(* Let $N=\{1,\dots,n\}$ with $n\ge 2$ and let $\mathcal{D}=\mathbb{R}^n_+$ be the domain of profiles of inflows. A rule $R:\mathcal{D}\to\mathbb{R}^n_+$ satisfies scale invariance, downstream impartiality, upstream invariance, and balance if and only if it is the Shapley rule, i.e. for each $e\in\mathcal{D}$ and each $i\in N$, $$R_i(e)=\sum_{j\le i}\frac{e_j}{n-j+1}.$$
   Context: Agents $1,\dots,n$ are located along a linear river, lower index meaning more upstream; agent $i$ has river inflow $e_i\ge 0$, and $e=(e_1,\dots,e_n)\in\mathcal{D}=\mathbb{R}^n_+$. An allocation for $e$ is $x\in\mathbb{R}^n_+$ with $\sum_{i=1}^n x_i=\sum_{i=1}^n e_i$ and $\sum_{i=1}^k x_i\le\sum_{i=1}^k e_i$ for each $k=1,\dots,n-1$. A rule is a map $R:\mathcal{D}\to\mathbb{R}^n_+$ assigning to each $e$ an allocation $R(e)$ for $e$. Axioms: Scale invariance: for each $e\in\mathcal{D}$ and each $\gamma\in\mathbb{R}_+$, $R(\gamma e)=\gamma R(e)$. Upstream invariance: for each $e,e'\in\mathcal{D}$ such that $e_i<e'_i$ for some $i\in N$ and $e_j=e'_j$ for all $j\ne i$, we have $R_k(e)=R_k(e')$ for each $k<i$. Downstream impartiality: for each $e,e'\in\mathcal{D}$ such that $e_i<e'_i$ for some $i\in N$ and $e_j=e'_j$ for all $j\ne i$, and for each $k,l>i$ with $e_k=e_l$, we have $R_k(e')-R_k(e)=R_l(e')-R_l(e)$. Balance: for each $e\in\mathcal{D}$ such that $e_i>0$ for some $i\in\{1,\dots,n-1\}$ and $e_j=0$ for all $j\ne i$, $R_i(e)=\frac{1}{n-i}\sum_{k>i}R_k(e)$. *)

theory Defs
  imports Main "HOL.Real"
begin

text \<open>A profile of inflows is a function nat => real that is
nonnegative on {1..n} and zero outside {1..n} (the values outside are irrelevant
junk, fixed to 0 so profiles correspond one-to-one to points of R^n_+).\<close>

definition profile :: "nat \<Rightarrow> (nat \<Rightarrow> real) \<Rightarrow> bool" where
  "profile n e \<longleftrightarrow> (\<forall>i\<in>{1..n}. 0 \<le> e i) \<and> (\<forall>i. i \<notin> {1..n} \<longrightarrow> e i = 0)"

definition allocation :: "nat \<Rightarrow> (nat \<Rightarrow> real) \<Rightarrow> (nat \<Rightarrow> real) \<Rightarrow> bool" where
  "allocation n e x \<longleftrightarrow> (\<forall>i\<in>{1..n}. 0 \<le> x i)
     \<and> (\<Sum>i=1..n. x i) = (\<Sum>i=1..n. e i)
     \<and> (\<forall>k\<in>{1..n-1}. (\<Sum>i=1..k. x i) \<le> (\<Sum>i=1..k. e i))"

definition is_rule :: "nat \<Rightarrow> ((nat \<Rightarrow> real) \<Rightarrow> (nat \<Rightarrow> real)) \<Rightarrow> bool" where
  "is_rule n R \<longleftrightarrow> (\<forall>e. profile n e \<longrightarrow> allocation n e (R e))"

definition scale_invariance :: "nat \<Rightarrow> ((nat \<Rightarrow> real) \<Rightarrow> (nat \<Rightarrow> real)) \<Rightarrow> bool" where
  "scale_invariance n R \<longleftrightarrow> (\<forall>e \<gamma>. profile n e \<longrightarrow> 0 \<le> \<gamma> \<longrightarrow>
     (\<forall>i\<in>{1..n}. R (\<lambda>j. \<gamma> * e j) i = \<gamma> * R e i))"

definition upstream_invariance :: "nat \<Rightarrow> ((nat \<Rightarrow> real) \<Rightarrow> (nat \<Rightarrow> real)) \<Rightarrow> bool" where
  "upstream_invariance n R \<longleftrightarrow> (\<forall>e e' i. profile n e \<longrightarrow> profile n e' \<longrightarrow> i \<in> {1..n} \<longrightarrow>
     e i < e' i \<longrightarrow> (\<forall>j\<in>{1..n}. j \<noteq> i \<longrightarrow> e j = e' j) \<longrightarrow>
     (\<forall>k\<in>{1..n}. k < i \<longrightarrow> R e k = R e' k))"

definition downstream_impartiality :: "nat \<Rightarrow> ((nat \<Rightarrow> real) \<Rightarrow> (nat \<Rightarrow> real)) \<Rightarrow> bool" where
  "downstream_impartiality n R \<longleftrightarrow> (\<forall>e e' i. profile n e \<longrightarrow> profile n e' \<longrightarrow> i \<in> {1..n} \<longrightarrow>
     e i < e' i \<longrightarrow> (\<forall>j\<in>{1..n}. j \<noteq> i \<longrightarrow> e j = e' j) \<longrightarrow>
     (\<forall>k\<in>{1..n}. \<forall>l\<in>{1..n}. i < k \<longrightarrow> i < l \<longrightarrow> e k = e l \<longrightarrow>
        R e' k - R e k = R e' l - R e l))"

definition balance :: "nat \<Rightarrow> ((nat \<Rightarrow> real) \<Rightarrow> (nat \<Rightarrow> real)) \<Rightarrow> bool" where
  "balance n R \<longleftrightarrow> (\<forall>e i. profile n e \<longrightarrow> i \<in> {1..n-1} \<longrightarrow> 0 < e i \<longrightarrow>
     (\<forall>j\<in>{1..n}. j \<noteq> i \<longrightarrow> e j = 0) \<longrightarrow>
     R e i = (1 / real (n - i)) * (\<Sum>k\<in>{i<..n}. R e k))"

definition shapley_rule :: "nat \<Rightarrow> (nat \<Rightarrow> real) \<Rightarrow> nat \<Rightarrow> real" where
  "shapley_rule n e i = (\<Sum>j=1..i. e j / (real n - real j + 1))"

end

theory Submission
  imports Defs
begin

text \<open>
  By strong induction on the agent \<open>i\<close>. Given a profile \<open>e\<close> with \<open>c = e i\<close>, compare the
  profile \<open>q\<close> (equal to \<open>e\<close> upstream of \<open>i\<close> and to \<open>c\<close> from \<open>i\<close> on) with \<open>r\<close> (zero upstream
  of \<open>i\<close>, \<open>c\<close> from \<open>i\<close> on). Upstream invariance gives \<open>R e i = R q i\<close> and
  \<open>R r i = R s i\<close> for the single inflow \<open>s = c\<close> at \<open>i\<close>, which balance, downstream
  impartiality against the zero profile and the budget identity evaluate to \<open>c / (n - i + 1)\<close>.
  Downstream impartiality, applied to one upstream coordinate at a time, makes \<open>R q - R r\<close> a
  constant \<open>D\<close> on the agents \<open>i..n\<close>; summing \<open>R q - R r\<close> over all agents with the
  induction hypothesis upstream yields \<open>(n - i + 1) D = (n - i + 1) shapley_rule n e (i - 1)\<close>,
  so \<open>R e i = shapley_rule n e (i - 1) + c / (n - i + 1) = shapley_rule n e i\<close>.
\<close>

lemma profile_outside:
  assumes "profile n e" "j \<notin> {1..n}"
  shows "e j = 0"
  using assms unfolding profile_def by blast

text \<open>Hybrid argument: pass from \<open>e\<close> to \<open>e'\<close> one coordinate at a time.\<close>

lemma profile_hybrid_invariance:
  assumes step: "\<And>x y j. profile n x \<Longrightarrow> profile n y \<Longrightarrow> j \<in> J \<Longrightarrow>
      (\<forall>m. m \<notin> J \<longrightarrow> x m = e m) \<Longrightarrow> (\<forall>m. m \<noteq> j \<longrightarrow> x m = y m) \<Longrightarrow> g x = g y"
    and e: "profile n e" and e': "profile n e'" and agree: "\<forall>m. m \<notin> J \<longrightarrow> e m = e' m"
  shows "g e = g e'"
proof -
  define h where "h t = (\<lambda>m. if m < t then e' m else e m)" for t
  have h_profile: "profile n (h t)" for t
    using e e' unfolding profile_def h_def by auto
  have h_agree: "\<forall>m. m \<notin> J \<longrightarrow> h t m = e m" for t
    using agree unfolding h_def by auto
  have "g (h t) = g e" for t
  proof (induction t)
    case 0
    then show ?case by (simp add: h_def)
  next
    case (Suc t)
    have "g (h t) = g (h (Suc t))"
    proof (cases "t \<in> J")
      case True
      then show ?thesis
        by (intro step h_profile h_agree) (auto simp: h_def)
    next
      case False
      then have "h t = h (Suc t)" using agree by (intro ext) (auto simp: h_def less_Suc_eq)
      then show ?thesis by simp
    qed
    then show ?case using Suc.IH by simp
  qed
  moreover have "h (Suc n) = e'"
    using e e' by (auto simp: h_def profile_def)
  ultimately show ?thesis by metis
qed

lemma downstream_impartiality_step:
  assumes DI: "downstream_impartiality n R" and x: "profile n x" and y: "profile n y"
    and agree: "\<forall>m. m \<noteq> j \<longrightarrow> x m = y m"
    and k: "k \<in> {1..n}" and l: "l \<in> {1..n}" and jk: "j < k" and jl: "j < l" and "x k = x l"
  shows "R y k - R x k = R y l - R x l"
proof -
  note DI' = DI[unfolded downstream_impartiality_def, rule_format]
  consider "x j < y j" | "y j < x j" | "x = y"
    using agree by (metis ext linorder_neqE_linordered_idom)
  then show ?thesis
  proof cases
    case 1
    then have "j \<in> {1..n}" by (metis less_irrefl profile_outside x y)
    from DI'[OF x y this 1 _ k l jk jl] show ?thesis using agree \<open>x k = x l\<close> by simp
  next
    case 2
    then have "j \<in> {1..n}" by (metis less_irrefl profile_outside x y)
    moreover have "y k = y l" using agree jk jl \<open>x k = x l\<close> by simp
    ultimately have "R x k - R y k = R x l - R y l"
      using DI'[OF y x _ 2 _ k l jk jl] agree by simp
    then show ?thesis by linarith
  qed simp
qed

lemma downstream_impartiality_upstream_change:
  assumes DI: "downstream_impartiality n R" and e: "profile n e" and e': "profile n e'"
    and agree: "\<forall>m\<ge>t. e m = e' m"
    and k: "k \<in> {1..n}" and l: "l \<in> {1..n}" and tk: "t \<le> k" and tl: "t \<le> l" and "e k = e l"
  shows "R e' k - R e k = R e' l - R e l"
proof -
  have "(\<lambda>x. R x k - R x l) e = (\<lambda>x. R x k - R x l) e'"
  proof (rule profile_hybrid_invariance[where J = "{..<t}", OF _ e e'])
    fix x y j
    assume x: "profile n x" and y: "profile n y" and j: "j \<in> {..<t}"
      and x_above: "\<forall>m. m \<notin> {..<t} \<longrightarrow> x m = e m" and xy: "\<forall>m. m \<noteq> j \<longrightarrow> x m = y m"
    have "x k = x l" using x_above tk tl \<open>e k = e l\<close> by simp
    moreover have "j < k" "j < l" using j tk tl by auto
    ultimately have "R y k - R x k = R y l - R x l"
      using downstream_impartiality_step[OF DI x y xy k l] by blast
    then show "R x k - R x l = R y k - R y l" by linarith
  next
    show "\<forall>m. m \<notin> {..<t} \<longrightarrow> e m = e' m" using agree by simp
  qed
  then show ?thesis by simp
qed

lemma upstream_invariance_step:
  assumes UI: "upstream_invariance n R" and x: "profile n x" and y: "profile n y"
    and agree: "\<forall>m. m \<noteq> j \<longrightarrow> x m = y m" and k: "k \<in> {1..n}" and kj: "k < j"
  shows "R x k = R y k"
proof -
  note UI' = UI[unfolded upstream_invariance_def, rule_format]
  consider "x j < y j" | "y j < x j" | "x = y"
    using agree by (metis ext linorder_neqE_linordered_idom)
  then show ?thesis
  proof cases
    case 1
    then have "j \<in> {1..n}" by (metis less_irrefl profile_outside x y)
    from UI'[OF x y this 1 _ k kj] show ?thesis using agree by simp
  next
    case 2
    then have "j \<in> {1..n}" by (metis less_irrefl profile_outside x y)
    from UI'[OF y x this 2 _ k kj] show ?thesis using agree by simp
  qed simp
qed

lemma upstream_invariance_downstream_change:
  assumes UI: "upstream_invariance n R" and e: "profile n e" and e': "profile n e'"
    and agree: "\<forall>m\<le>k. e m = e' m" and k: "k \<in> {1..n}"
  shows "R e k = R e' k"
proof (rule profile_hybrid_invariance[where J = "{k<..}", OF _ e e'])
  fix x y j
  assume x: "profile n x" and y: "profile n y" and "j \<in> {k<..}"
    and xy: "\<forall>m. m \<noteq> j \<longrightarrow> x m = y m"
  then show "R x k = R y k" using upstream_invariance_step[OF UI x y xy k] by simp
next
  show "\<forall>m. m \<notin> {k<..} \<longrightarrow> e m = e' m" using agree by simp
qed

lemma rule_nonneg:
  assumes "is_rule n R" "profile n e" "i \<in> {1..n}"
  shows "0 \<le> R e i"
  using assms unfolding is_rule_def allocation_def by blast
++++++++++++++++++++
__Exercise directions__:
Wherever the string "time" turns up in the material, copy the whole line.

__Output__:
  Downstream impartiality, applied to one upstream coordinate at a time, makes \<open>R q - R r\<close> a
text \<open>Hybrid argument: pass from \<open>e\<close> to \<open>e'\<close> one coordinate at a time.\<close>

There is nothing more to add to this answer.